* Exercise
Begin at the line below that has "by (rule power2_le_imp_le)" and stop after the line that has "i \<inter> C j) = 1)". Please restate only those lines, word for word.

Stored items
>>

(* Let $r,k\ge1$ be integers and let $C_1,\dots,C_r\subset\mathbb{R}^d$ be pairwise disjoint sets, each of size $k$; set $P=\bigcup_{j=1}^rC_j$. Then there exist a point $q\in\mathbb{R}^d$ and a partition $P_1,\dots,P_k$ of $P$ such that $|P_i\cap C_j|=1$ for every $i\in[k]$ and $j\in[r]$, and \[ d(q,\operatorname{conv}P_i)\le(1+\sqrt2)\frac{\operatorname{diam}P}{\sqrt r}\qquad\text{for every } i\in[k]. \]
   Context: $d(q,S)$ is the Euclidean distance from a point to a set; $\operatorname{diam}$ is the Euclidean diameter. *)

theory Defs
  imports "HOL-Analysis.Analysis"
begin

end

theory Submission
  imports Defs "HOL-Combinatorics.Transposition"
begin

text \<open>Label the points of each class \<open>C j\<close> bijectively by the part indices and take a
  labelling minimising the energy, the sum of the squared norms of the part sums \<open>T i\<close>.
  Exchanging the labels \<open>a\<close>, \<open>b\<close> of two points of one class cannot decrease the energy, which
  gives \<open>(a - b) \<bullet> (T i - T i') \<le> \<bar>a - b\<bar>\<^sup>2\<close>; summing over the classes yields
  \<open>\<bar>T i - T i'\<bar> \<le> sqrt r * diam P\<close>.\<close>

definition bij_labellings :: "'j set \<Rightarrow> 'i set \<Rightarrow> ('j \<Rightarrow> 'a set) \<Rightarrow> ('j \<Rightarrow> 'i \<Rightarrow> 'a) set" where
  "bij_labellings J I C =
     {g \<in> (\<Pi>\<^sub>E j\<in>J. \<Pi>\<^sub>E i\<in>I. C j). \<forall>j\<in>J. bij_betw (g j) I (C j)}"

lemma bij_labellingsD:
  assumes "g \<in> bij_labellings J I C" and "j \<in> J"
  shows "bij_betw (g j) I (C j)"
  using assms by (simp add: bij_labellings_def)

lemma bij_labelling_in_class:
  assumes "g \<in> bij_labellings J I C" and "j \<in> J" and "i \<in> I"
  shows "g j i \<in> C j"
  using bij_labellingsD[OF assms(1,2)] assms(3) bij_betwE by blast

lemma finite_bij_labellings:
  assumes "finite J" and "finite I" and "\<And>j. j \<in> J \<Longrightarrow> finite (C j)"
  shows "finite (bij_labellings J I C)"
proof (rule finite_subset)
  show "bij_labellings J I C \<subseteq> (\<Pi>\<^sub>E j\<in>J. \<Pi>\<^sub>E i\<in>I. C j)"
    by (auto simp: bij_labellings_def)
  show "finite (\<Pi>\<^sub>E j\<in>J. \<Pi>\<^sub>E i\<in>I. C j)"
    using assms by (intro finite_PiE) auto
qed

lemma bij_labellings_nonempty:
  assumes "finite I" and "\<And>j. j \<in> J \<Longrightarrow> finite (C j) \<and> card (C j) = card I"
  shows "bij_labellings J I C \<noteq> {}"
proof -
  have "\<forall>j\<in>J. \<exists>h. bij_betw h I (C j)"
    using assms finite_same_card_bij by metis
  then obtain h where h: "\<And>j. j \<in> J \<Longrightarrow> bij_betw (h j) I (C j)"
    by metis
  have "(\<lambda>j\<in>J. \<lambda>i\<in>I. h j i) \<in> bij_labellings J I C"
    using h by (auto simp: bij_labellings_def PiE_iff intro: bij_betw_apply cong: bij_betw_cong)
  then show ?thesis by blast
qed

definition labelled_part :: "'j set \<Rightarrow> ('j \<Rightarrow> 'i \<Rightarrow> 'a) \<Rightarrow> 'i \<Rightarrow> 'a set" where
  "labelled_part J g i = (\<lambda>j. g j i) ` J"

lemma UN_labelled_parts:
  assumes "g \<in> bij_labellings J I C"
  shows "(\<Union>i\<in>I. labelled_part J g i) = (\<Union>j\<in>J. C j)"
proof
  show "(\<Union>i\<in>I. labelled_part J g i) \<subseteq> (\<Union>j\<in>J. C j)"
    using bij_labelling_in_class[OF assms] by (auto simp: labelled_part_def)
  show "(\<Union>j\<in>J. C j) \<subseteq> (\<Union>i\<in>I. labelled_part J g i)"
  proof
    fix x assume "x \<in> (\<Union>j\<in>J. C j)"
    then obtain j where "j \<in> J" and "x \<in> C j" by blast
    then obtain i where "i \<in> I" and "x = g j i"
      using bij_labellingsD[OF assms] by (auto simp: bij_betw_def)
    then show "x \<in> (\<Union>i\<in>I. labelled_part J g i)"
      using \<open>j \<in> J\<close> by (auto simp: labelled_part_def)
  qed
qed

lemma labelled_part_Int_class:
  assumes "g \<in> bij_labellings J I C" and "disjoint_family_on C J" and "i \<in> I" and "j \<in> J"
  shows "labelled_part J g i \<inter> C j = {g j i}"
proof -
  have "g j' i \<notin> C j" if "j' \<in> J" and "j' \<noteq> j" for j'
    using bij_labelling_in_class[OF assms(1) that(1) assms(3)] assms(2,4) that
    by (auto simp: disjoint_family_on_def)
  then show ?thesis
    using bij_labelling_in_class[OF assms(1,4,3)] assms(4)
    by (auto simp: labelled_part_def)
qed

lemma labelled_parts_disjoint:
  assumes "g \<in> bij_labellings J I C" and "disjoint_family_on C J"
    and "i \<in> I" and "i' \<in> I" and "i \<noteq> i'"
  shows "labelled_part J g i \<inter> labelled_part J g i' = {}"
proof -
  have "g j i \<noteq> g j' i'" if "j \<in> J" and "j' \<in> J" for j j'
  proof (cases "j = j'")
    case True
    then show ?thesis
      using bij_labellingsD[OF assms(1) that(1)] assms(3-5) by (auto simp: bij_betw_def inj_on_def)
  next
    case False
    then show ?thesis
      using bij_labelling_in_class[OF assms(1)] assms(2-4) that
      by (fastforce simp: disjoint_family_on_def)
  qed
  then show ?thesis
    by (auto simp: labelled_part_def)
qed

definition part_sum :: "'j set \<Rightarrow> ('j \<Rightarrow> 'i \<Rightarrow> 'a::real_vector) \<Rightarrow> 'i \<Rightarrow> 'a" where
  "part_sum J g i = (\<Sum>j\<in>J. g j i)"

definition part_centroid :: "'j set \<Rightarrow> ('j \<Rightarrow> 'i \<Rightarrow> 'a::real_vector) \<Rightarrow> 'i \<Rightarrow> 'a" where
  "part_centroid J g i = (1 / real (card J)) *\<^sub>R part_sum J g i"

lemma part_centroid_in_convex_hull:
  assumes "finite J" and "J \<noteq> {}"
  shows "part_centroid J g i \<in> convex hull (labelled_part J g i)"
proof -
  have "(\<Sum>j\<in>J. (1 / real (card J)) *\<^sub>R g j i) \<in> convex hull (labelled_part J g i)"
    using assms by (intro convex_sum) (auto simp: labelled_part_def intro: hull_inc)
  then show ?thesis
    by (simp add: part_centroid_def part_sum_def scaleR_sum_right)
qed

definition swap_labels :: "('j \<Rightarrow> 'i \<Rightarrow> 'a) \<Rightarrow> 'j \<Rightarrow> 'i \<Rightarrow> 'i \<Rightarrow> 'j \<Rightarrow> 'i \<Rightarrow> 'a" where
  "swap_labels g j0 i i' = g(j0 := g j0 \<circ> Transposition.transpose i i')"

lemma bij_labellings_swap:
  assumes "g \<in> bij_labellings J I C" and "j0 \<in> J" and "i \<in> I" and "i' \<in> I"
  shows "swap_labels g j0 i i' \<in> bij_labellings J I C"
proof -
  have "bij_betw (Transposition.transpose i i') I I"
    using assms(3,4) by simp
  then have "bij_betw (g j0 \<circ> Transposition.transpose i i') I (C j0)"
    using bij_labellingsD[OF assms(1,2)] by (rule bij_betw_trans)
  moreover have "g j0 \<circ> Transposition.transpose i i' \<in> (\<Pi>\<^sub>E i\<in>I. C j0)"
    using assms bij_labelling_in_class[OF assms(1,2)]
    by (auto simp: bij_labellings_def PiE_iff extensional_def Transposition.transpose_def)
  ultimately show ?thesis
    using assms(1,2) by (auto simp: swap_labels_def bij_labellings_def PiE_iff extensional_def)
qed

lemma part_sum_swap:
  assumes "finite J" and "j0 \<in> J"
  shows "part_sum J (swap_labels g j0 i i') x
           = part_sum J g x + (g j0 (Transposition.transpose i i' x) - g j0 x)"
proof -
  have "part_sum J (swap_labels g j0 i i') x
          = (\<Sum>j\<in>J. g j x +
               (if j = j0 then g j0 (Transposition.transpose i i' x) - g j0 x else 0))"
    unfolding part_sum_def swap_labels_def by (rule sum.cong) auto
  then show ?thesis
    using assms by (simp add: part_sum_def sum.distrib)
qed

definition part_energy :: "'j set \<Rightarrow> 'i set \<Rightarrow> ('j \<Rightarrow> 'i \<Rightarrow> 'a::real_normed_vector) \<Rightarrow> real" where
  "part_energy J I g = (\<Sum>i\<in>I. (norm (part_sum J g i))\<^sup>2)"

lemma norm_add_diff_power2:
  fixes u v d :: "'a::real_inner"
  shows "(norm (u + d))\<^sup>2 + (norm (v - d))\<^sup>2
           = (norm u)\<^sup>2 + (norm v)\<^sup>2 + 2 * (d \<bullet> (u - v)) + 2 * (norm d)\<^sup>2"
  by (simp add: power2_norm_eq_inner algebra_simps inner_commute)

lemma part_energy_swap:
  fixes g :: "'j \<Rightarrow> 'i \<Rightarrow> 'a::real_inner"
  assumes "finite J" and "finite I" and "j0 \<in> J" and "i \<in> I" and "i' \<in> I" and "i \<noteq> i'"
  defines "d \<equiv> g j0 i' - g j0 i"
  shows "part_energy J I (swap_labels g j0 i i')
           = part_energy J I g + 2 * (d \<bullet> (part_sum J g i - part_sum J g i')) + 2 * (norm d)\<^sup>2"
proof -
  let ?g' = "swap_labels g j0 i i'"
  have sum_i: "part_sum J ?g' i = part_sum J g i + d"
    and sum_i': "part_sum J ?g' i' = part_sum J g i' - d"
    using assms(1,3) by (simp_all add: part_sum_swap d_def)
  define \<delta> where "\<delta> x = (norm (part_sum J ?g' x))\<^sup>2 - (norm (part_sum J g x))\<^sup>2" for x
  have "part_energy J I ?g' - part_energy J I g = (\<Sum>x\<in>I. \<delta> x)"
    by (simp add: part_energy_def \<delta>_def sum_subtractf)
  also have "\<dots> = (\<Sum>x\<in>{i, i'}. \<delta> x)"
    using assms(1-5) by (intro sum.mono_neutral_right) (auto simp: \<delta>_def part_sum_swap)
  also have "\<dots> = \<delta> i + \<delta> i'"
    using assms(6) by simp
  also have "\<dots> = 2 * (d \<bullet> (part_sum J g i - part_sum J g i')) + 2 * (norm d)\<^sup>2"
    using norm_add_diff_power2[of "part_sum J g i" d "part_sum J g i'"]
    by (simp add: \<delta>_def sum_i sum_i')
  finally show ?thesis by simp
qed

lemma ex_min_energy_bij_labelling:
  fixes C :: "'j \<Rightarrow> 'a::real_normed_vector set"
  assumes "finite J" and "finite I" and "\<And>j. j \<in> J \<Longrightarrow> finite (C j) \<and> card (C j) = card I"
  shows "\<exists>g. is_arg_min (part_energy J I) (\<lambda>g. g \<in> bij_labellings J I C) g"
  using assms by (intro ex_is_arg_min_if_finite finite_bij_labellings bij_labellings_nonempty) auto

context
  fixes J :: "'j set" and I :: "'i set"
    and C :: "'j \<Rightarrow> 'a::real_inner set" and g :: "'j \<Rightarrow> 'i \<Rightarrow> 'a"
  assumes finite_J: "finite J" and finite_I: "finite I"
    and g_min: "is_arg_min (part_energy J I) (\<lambda>g. g \<in> bij_labellings J I C) g"
begin

lemma min_energy_swap_inner_le:
  assumes "j0 \<in> J" and "i \<in> I" and "i' \<in> I"
  shows "(g j0 i - g j0 i') \<bullet> (part_sum J g i - part_sum J g i') \<le> (norm (g j0 i - g j0 i'))\<^sup>2"
proof (cases "i = i'")
  case False
  have "swap_labels g j0 i i' \<in> bij_labellings J I C"
    using g_min assms by (intro bij_labellings_swap) (auto simp: is_arg_min_def)
  then have "part_energy J I g \<le> part_energy J I (swap_labels g j0 i i')"
    using g_min by (simp add: is_arg_min_linorder)
  then show ?thesis
    using part_energy_swap[OF finite_J finite_I assms False, where g = g]
    by (simp add: inner_diff_left norm_minus_commute)
qed simp

lemma min_energy_part_sums_close:
  assumes "i \<in> I" and "i' \<in> I"
  shows "(norm (part_sum J g i - part_sum J g i'))\<^sup>2 \<le> (\<Sum>j\<in>J. (norm (g j i - g j i'))\<^sup>2)"
proof -
  let ?w = "part_sum J g i - part_sum J g i'"
  have "?w = (\<Sum>j\<in>J. g j i - g j i')"
    by (simp add: part_sum_def sum_subtractf)
  then have "(norm ?w)\<^sup>2 = (\<Sum>j\<in>J. (g j i - g j i') \<bullet> ?w)"
    by (metis power2_norm_eq_inner inner_sum_left)
  also have "\<dots> \<le> (\<Sum>j\<in>J. (norm (g j i - g j i'))\<^sup>2)"
    using assms by (intro sum_mono min_energy_swap_inner_le)
  finally show ?thesis .
qed

lemma min_energy_centroids_close:
  assumes "i \<in> I" and "i' \<in> I" and D: "\<And>j. j \<in> J \<Longrightarrow> dist (g j i) (g j i') \<le> D"
  shows "dist (part_centroid J g i) (part_centroid J g i') \<le> D / sqrt (card J)"
proof (cases "J = {}")
  case False
  then have "0 \<le> D"
    using D by (meson all_not_in_conv zero_le_dist order_trans)
  have "(norm (part_sum J g i - part_sum J g i'))\<^sup>2 \<le> (\<Sum>j\<in>J. (norm (g j i - g j i'))\<^sup>2)"
    using assms(1,2) by (rule min_energy_part_sums_close)
  also have "\<dots> \<le> (\<Sum>j\<in>J. D\<^sup>2)"
    using D by (intro sum_mono power_mono) (auto simp: dist_norm)
  also have "\<dots> = (sqrt (card J) * D)\<^sup>2"
    by (simp add: power_mult_distrib)
  finally have "norm (part_sum J g i - part_sum J g i') \<le> sqrt (card J) * D"
    by (rule power2_le_imp_le) (simp add: \<open>0 \<le> D\<close>)
  then have "norm (part_sum J g i - part_sum J g i') / card J \<le> sqrt (card J) * D / card J"
    by (simp add: divide_right_mono)
  also have "\<dots> = D / sqrt (card J)"
    using sqrt_divide_self_eq[of "card J"] by (simp add: divide_inverse mult.commute)
  finally have "norm (part_sum J g i - part_sum J g i') / card J \<le> D / sqrt (card J)" .
  then show ?thesis
    by (simp add: part_centroid_def dist_norm flip: scaleR_diff_right)
qed (simp add: part_centroid_def)

lemma min_energy_infdist_convex_hull_le:
  assumes "J \<noteq> {}" and "i0 \<in> I" and "i \<in> I"
    and "\<And>j i i'. j \<in> J \<Longrightarrow> i \<in> I \<Longrightarrow> i' \<in> I \<Longrightarrow> dist (g j i) (g j i') \<le> D"
  shows "infdist (part_centroid J g i0) (convex hull (labelled_part J g i)) \<le> D / sqrt (card J)"
  using assms
  by (intro infdist_le2[OF part_centroid_in_convex_hull[OF finite_J]] min_energy_centroids_close)
    auto

end

theorem theorem6p1:
  fixes C :: "nat \<Rightarrow> 'a::euclidean_space set" and r k :: nat
  assumes "r \<ge> 1" and "k \<ge> 1"
    and "\<And>j. j \<in> {1..r} \<Longrightarrow> finite (C j) \<and> card (C j) = k"
    and "\<And>j j'. j \<in> {1..r} \<Longrightarrow> j' \<in> {1..r} \<Longrightarrow> j \<noteq> j' \<Longrightarrow> C j \<inter> C j' = {}"
  shows "\<exists>(q::'a) (Q :: nat \<Rightarrow> 'a set).
           (\<Union>i\<in>{1..k}. Q i) = (\<Union>j\<in>{1..r}. C j)
         \<and> (\<forall>i\<in>{1..k}. \<forall>i'\<in>{1..k}. i \<noteq> i' \<longrightarrow> Q i \<inter> Q i' = {})
         \<and> (\<forall>i\<in>{1..k}. \<forall>j\<in>{1..r}. card (Q i \<inter> C j) = 1)
         \<and> (\<forall>i\<in>{1..k}. infdist q (convex hull (Q i))
               \<le> (1 + sqrt 2) * diameter (\<Union>j\<in>{1..r}. C j) / sqrt (real r))"
proof -
  let ?J = "{1..r}" and ?I = "{1..k}" and ?P = "\<Union>j\<in>{1..r}. C j"
  obtain g where g_min: "is_arg_min (part_energy ?J ?I) (\<lambda>g. g \<in> bij_labellings ?J ?I C) g"
    using ex_min_energy_bij_labelling[of ?J ?I C] assms(3) by auto
  then have g: "g \<in> bij_labellings ?J ?I C"
    by (simp add: is_arg_min_def)
  have disjoint: "disjoint_family_on C ?J"
    using assms(4) by (auto simp: disjoint_family_on_def)
  have bounded: "bounded ?P"
    using assms(3) by (intro finite_imp_bounded) auto
  have "dist (g j i) (g j i') \<le> diameter ?P" if "j \<in> ?J" and "i \<in> ?I" and "i' \<in> ?I" for j i i'
    using bij_labelling_in_class[OF g] that by (intro diameter_bounded_bound[OF bounded]) blast+
  then have "infdist (part_centroid ?J g 1) (convex hull (labelled_part ?J g i))
               \<le> diameter ?P / sqrt r" if "i \<in> ?I" for i
    using min_energy_infdist_convex_hull_le[OF _ _ g_min, of 1 i] assms(1,2) that by auto
  also have "diameter ?P / sqrt r \<le> (1 + sqrt 2) * diameter ?P / sqrt r"
    using diameter_ge_0[OF bounded] by (intro divide_right_mono) (simp_all add: algebra_simps)
  finally show ?thesis
    using UN_labelled_parts[OF g] labelled_parts_disjoint[OF g disjoint]
      labelled_part_Int_class[OF g disjoint]
    by (intro exI[of _ "part_centroid ?J g 1"] exI[of _ "labelled_part ?J g"]) auto
qed

end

<<

* Output of the task
    by (rule power2_le_imp_le) (simp add: \<open>0 \<le> D\<close>)
  then have "norm (part_sum J g i - part_sum J g i') / card J \<le> sqrt (card J) * D / card J"
    by (simp add: divide_right_mono)
  also have "\<dots> = D / sqrt (card J)"
    using sqrt_divide_self_eq[of "card J"] by (simp add: divide_inverse mult.commute)
  finally have "norm (part_sum J g i - part_sum J g i') / card J \<le> D / sqrt (card J)" .
  then show ?thesis
    by (simp add: part_centroid_def dist_norm flip: scaleR_diff_right)
qed (simp add: part_centroid_def)

lemma min_energy_infdist_convex_hull_le:
  assumes "J \<noteq> {}" and "i0 \<in> I" and "i \<in> I"
    and "\<And>j i i'. j \<in> J \<Longrightarrow> i \<in> I \<Longrightarrow> i' \<in> I \<Longrightarrow> dist (g j i) (g j i') \<le> D"
  shows "infdist (part_centroid J g i0) (convex hull (labelled_part J g i)) \<le> D / sqrt (card J)"
  using assms
  by (intro infdist_le2[OF part_centroid_in_convex_hull[OF finite_J]] min_energy_centroids_close)
    auto

end

theorem theorem6p1:
  fixes C :: "nat \<Rightarrow> 'a::euclidean_space set" and r k :: nat
  assumes "r \<ge> 1" and "k \<ge> 1"
    and "\<And>j. j \<in> {1..r} \<Longrightarrow> finite (C j) \<and> card (C j) = k"
    and "\<And>j j'. j \<in> {1..r} \<Longrightarrow> j' \<in> {1..r} \<Longrightarrow> j \<noteq> j' \<Longrightarrow> C j \<inter> C j' = {}"
  shows "\<exists>(q::'a) (Q :: nat \<Rightarrow> 'a set).
           (\<Union>i\<in>{1..k}. Q i) = (\<Union>j\<in>{1..r}. C j)
         \<and> (\<forall>i\<in>{1..k}. \<forall>i'\<in>{1..k}. i \<noteq> i' \<longrightarrow> Q i \<inter> Q i' = {})
         \<and> (\<forall>i\<in>{1..k}. \<forall>j\<in>{1..r}. card (Q i \<inter> C j) = 1)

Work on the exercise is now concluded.